[Action item]: Repeat verbatim, and only, the lines of the data below, beginning at the line that contains "(* Row j is" and stopping after the line that contains "2k, where q_j".

(Beginning of The records)

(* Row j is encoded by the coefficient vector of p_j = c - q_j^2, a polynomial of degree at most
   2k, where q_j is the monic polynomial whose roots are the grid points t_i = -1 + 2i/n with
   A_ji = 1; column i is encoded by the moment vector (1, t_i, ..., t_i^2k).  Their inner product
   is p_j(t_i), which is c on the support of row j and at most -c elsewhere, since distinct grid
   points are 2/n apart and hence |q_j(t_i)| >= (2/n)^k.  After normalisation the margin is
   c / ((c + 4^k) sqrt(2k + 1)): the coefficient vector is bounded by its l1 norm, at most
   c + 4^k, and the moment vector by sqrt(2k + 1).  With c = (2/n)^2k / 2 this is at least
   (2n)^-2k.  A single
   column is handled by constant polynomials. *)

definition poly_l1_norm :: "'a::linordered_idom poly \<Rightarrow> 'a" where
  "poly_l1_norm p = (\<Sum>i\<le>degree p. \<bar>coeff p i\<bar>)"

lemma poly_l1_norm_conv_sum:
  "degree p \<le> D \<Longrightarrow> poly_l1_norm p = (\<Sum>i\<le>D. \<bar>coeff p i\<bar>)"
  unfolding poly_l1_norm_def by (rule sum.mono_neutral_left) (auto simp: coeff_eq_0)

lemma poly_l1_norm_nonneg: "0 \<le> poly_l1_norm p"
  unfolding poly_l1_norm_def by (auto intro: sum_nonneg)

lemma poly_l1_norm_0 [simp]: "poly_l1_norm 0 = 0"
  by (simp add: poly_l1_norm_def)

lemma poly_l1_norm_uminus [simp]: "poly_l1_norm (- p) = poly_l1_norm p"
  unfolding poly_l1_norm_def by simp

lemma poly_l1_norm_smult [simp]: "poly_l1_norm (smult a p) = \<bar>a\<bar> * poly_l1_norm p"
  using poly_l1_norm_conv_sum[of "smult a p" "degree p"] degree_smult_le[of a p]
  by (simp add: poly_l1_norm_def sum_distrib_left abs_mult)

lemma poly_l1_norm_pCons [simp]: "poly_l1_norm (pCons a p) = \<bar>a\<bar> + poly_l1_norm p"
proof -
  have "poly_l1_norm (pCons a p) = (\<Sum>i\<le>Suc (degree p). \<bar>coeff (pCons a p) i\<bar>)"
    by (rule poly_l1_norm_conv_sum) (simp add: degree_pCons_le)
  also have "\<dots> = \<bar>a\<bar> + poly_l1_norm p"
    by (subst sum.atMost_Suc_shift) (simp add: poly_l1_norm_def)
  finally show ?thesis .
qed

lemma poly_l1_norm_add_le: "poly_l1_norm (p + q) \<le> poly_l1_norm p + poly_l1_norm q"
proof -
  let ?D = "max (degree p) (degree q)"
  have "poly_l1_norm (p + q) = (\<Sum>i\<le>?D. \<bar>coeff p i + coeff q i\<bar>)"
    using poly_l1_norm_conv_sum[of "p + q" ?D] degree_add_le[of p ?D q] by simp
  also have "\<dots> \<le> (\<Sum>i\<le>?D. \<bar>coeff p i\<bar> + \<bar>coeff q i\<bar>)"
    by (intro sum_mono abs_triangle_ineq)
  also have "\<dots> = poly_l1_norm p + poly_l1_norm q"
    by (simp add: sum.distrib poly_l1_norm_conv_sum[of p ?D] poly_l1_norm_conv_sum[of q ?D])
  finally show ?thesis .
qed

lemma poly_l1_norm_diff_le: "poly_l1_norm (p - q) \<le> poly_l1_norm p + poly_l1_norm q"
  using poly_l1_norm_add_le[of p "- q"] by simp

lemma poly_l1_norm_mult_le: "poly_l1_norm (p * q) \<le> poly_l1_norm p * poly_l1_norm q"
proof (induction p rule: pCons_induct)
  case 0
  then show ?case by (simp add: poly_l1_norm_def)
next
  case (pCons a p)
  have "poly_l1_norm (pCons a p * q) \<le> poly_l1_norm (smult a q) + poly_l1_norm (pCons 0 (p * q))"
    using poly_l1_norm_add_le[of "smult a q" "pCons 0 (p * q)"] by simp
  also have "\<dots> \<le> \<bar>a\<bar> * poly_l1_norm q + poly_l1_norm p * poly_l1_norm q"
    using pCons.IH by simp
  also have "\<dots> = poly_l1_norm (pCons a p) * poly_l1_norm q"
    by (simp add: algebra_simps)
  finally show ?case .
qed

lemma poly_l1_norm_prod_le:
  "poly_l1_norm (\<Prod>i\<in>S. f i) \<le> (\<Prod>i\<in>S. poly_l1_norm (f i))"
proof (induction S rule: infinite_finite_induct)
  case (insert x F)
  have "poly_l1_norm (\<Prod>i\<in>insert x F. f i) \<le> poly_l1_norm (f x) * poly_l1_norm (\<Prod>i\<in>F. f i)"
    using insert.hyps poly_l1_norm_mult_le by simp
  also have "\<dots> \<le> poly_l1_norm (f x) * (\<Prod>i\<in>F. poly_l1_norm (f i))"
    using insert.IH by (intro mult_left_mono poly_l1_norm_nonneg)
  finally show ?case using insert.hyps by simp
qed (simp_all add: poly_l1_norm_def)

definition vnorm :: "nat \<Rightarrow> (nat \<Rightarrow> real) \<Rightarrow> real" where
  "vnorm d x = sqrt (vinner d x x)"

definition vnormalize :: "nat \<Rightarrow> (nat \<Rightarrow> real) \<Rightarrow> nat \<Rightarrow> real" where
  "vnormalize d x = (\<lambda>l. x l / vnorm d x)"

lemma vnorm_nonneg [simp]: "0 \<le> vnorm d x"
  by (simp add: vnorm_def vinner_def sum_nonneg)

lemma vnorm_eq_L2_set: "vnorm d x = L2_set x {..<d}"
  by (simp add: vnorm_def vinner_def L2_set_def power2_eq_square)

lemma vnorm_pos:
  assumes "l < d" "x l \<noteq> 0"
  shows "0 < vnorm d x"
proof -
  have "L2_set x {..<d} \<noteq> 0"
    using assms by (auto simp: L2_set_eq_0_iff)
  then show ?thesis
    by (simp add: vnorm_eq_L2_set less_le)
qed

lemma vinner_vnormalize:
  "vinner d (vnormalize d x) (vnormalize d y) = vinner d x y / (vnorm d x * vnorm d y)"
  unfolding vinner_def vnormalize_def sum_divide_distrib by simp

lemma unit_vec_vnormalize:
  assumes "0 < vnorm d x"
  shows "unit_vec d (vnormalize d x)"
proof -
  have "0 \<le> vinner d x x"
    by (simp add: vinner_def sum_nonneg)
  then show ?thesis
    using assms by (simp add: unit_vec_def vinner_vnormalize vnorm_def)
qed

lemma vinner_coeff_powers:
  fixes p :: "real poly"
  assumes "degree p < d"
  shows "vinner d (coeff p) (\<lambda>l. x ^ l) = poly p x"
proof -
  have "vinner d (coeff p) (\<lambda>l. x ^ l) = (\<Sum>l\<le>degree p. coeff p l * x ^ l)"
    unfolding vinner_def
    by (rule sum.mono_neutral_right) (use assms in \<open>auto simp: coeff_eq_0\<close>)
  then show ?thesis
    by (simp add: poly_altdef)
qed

(End of The records)
(Beginning of The records)

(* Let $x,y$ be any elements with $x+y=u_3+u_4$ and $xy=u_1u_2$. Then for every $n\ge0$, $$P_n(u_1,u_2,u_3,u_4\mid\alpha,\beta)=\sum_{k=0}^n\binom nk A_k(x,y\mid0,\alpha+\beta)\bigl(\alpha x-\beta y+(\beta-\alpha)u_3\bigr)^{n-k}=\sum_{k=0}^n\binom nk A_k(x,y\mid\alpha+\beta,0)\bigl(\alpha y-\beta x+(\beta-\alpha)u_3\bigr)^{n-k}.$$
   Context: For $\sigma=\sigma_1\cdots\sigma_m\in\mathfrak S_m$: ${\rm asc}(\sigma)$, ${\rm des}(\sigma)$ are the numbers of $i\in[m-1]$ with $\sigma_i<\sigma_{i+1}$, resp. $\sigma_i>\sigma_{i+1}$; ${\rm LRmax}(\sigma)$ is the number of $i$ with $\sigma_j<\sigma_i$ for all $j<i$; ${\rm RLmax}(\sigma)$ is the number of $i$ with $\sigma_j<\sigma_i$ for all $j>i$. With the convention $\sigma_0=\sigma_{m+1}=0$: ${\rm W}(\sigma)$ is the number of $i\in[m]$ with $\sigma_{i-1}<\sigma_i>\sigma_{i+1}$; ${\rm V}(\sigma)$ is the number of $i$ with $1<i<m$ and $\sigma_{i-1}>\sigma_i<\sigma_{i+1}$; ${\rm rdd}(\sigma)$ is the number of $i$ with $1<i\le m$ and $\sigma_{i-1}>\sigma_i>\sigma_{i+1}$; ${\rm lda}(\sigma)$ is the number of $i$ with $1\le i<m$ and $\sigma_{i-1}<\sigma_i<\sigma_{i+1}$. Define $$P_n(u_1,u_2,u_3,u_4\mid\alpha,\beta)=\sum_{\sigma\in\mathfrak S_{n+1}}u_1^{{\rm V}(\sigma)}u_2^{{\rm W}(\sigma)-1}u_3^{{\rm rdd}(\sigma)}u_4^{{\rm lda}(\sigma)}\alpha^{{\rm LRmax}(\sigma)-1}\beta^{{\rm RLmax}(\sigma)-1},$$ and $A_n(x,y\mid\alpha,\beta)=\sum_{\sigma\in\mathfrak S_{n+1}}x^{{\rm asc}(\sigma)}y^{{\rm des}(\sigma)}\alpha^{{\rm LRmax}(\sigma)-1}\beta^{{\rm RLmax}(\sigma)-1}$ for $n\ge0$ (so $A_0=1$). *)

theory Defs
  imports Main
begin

(End of The records)

[Output of the task]:
(* Row j is encoded by the coefficient vector of p_j = c - q_j^2, a polynomial of degree at most
   2k, where q_j is the monic polynomial whose roots are the grid points t_i = -1 + 2i/n with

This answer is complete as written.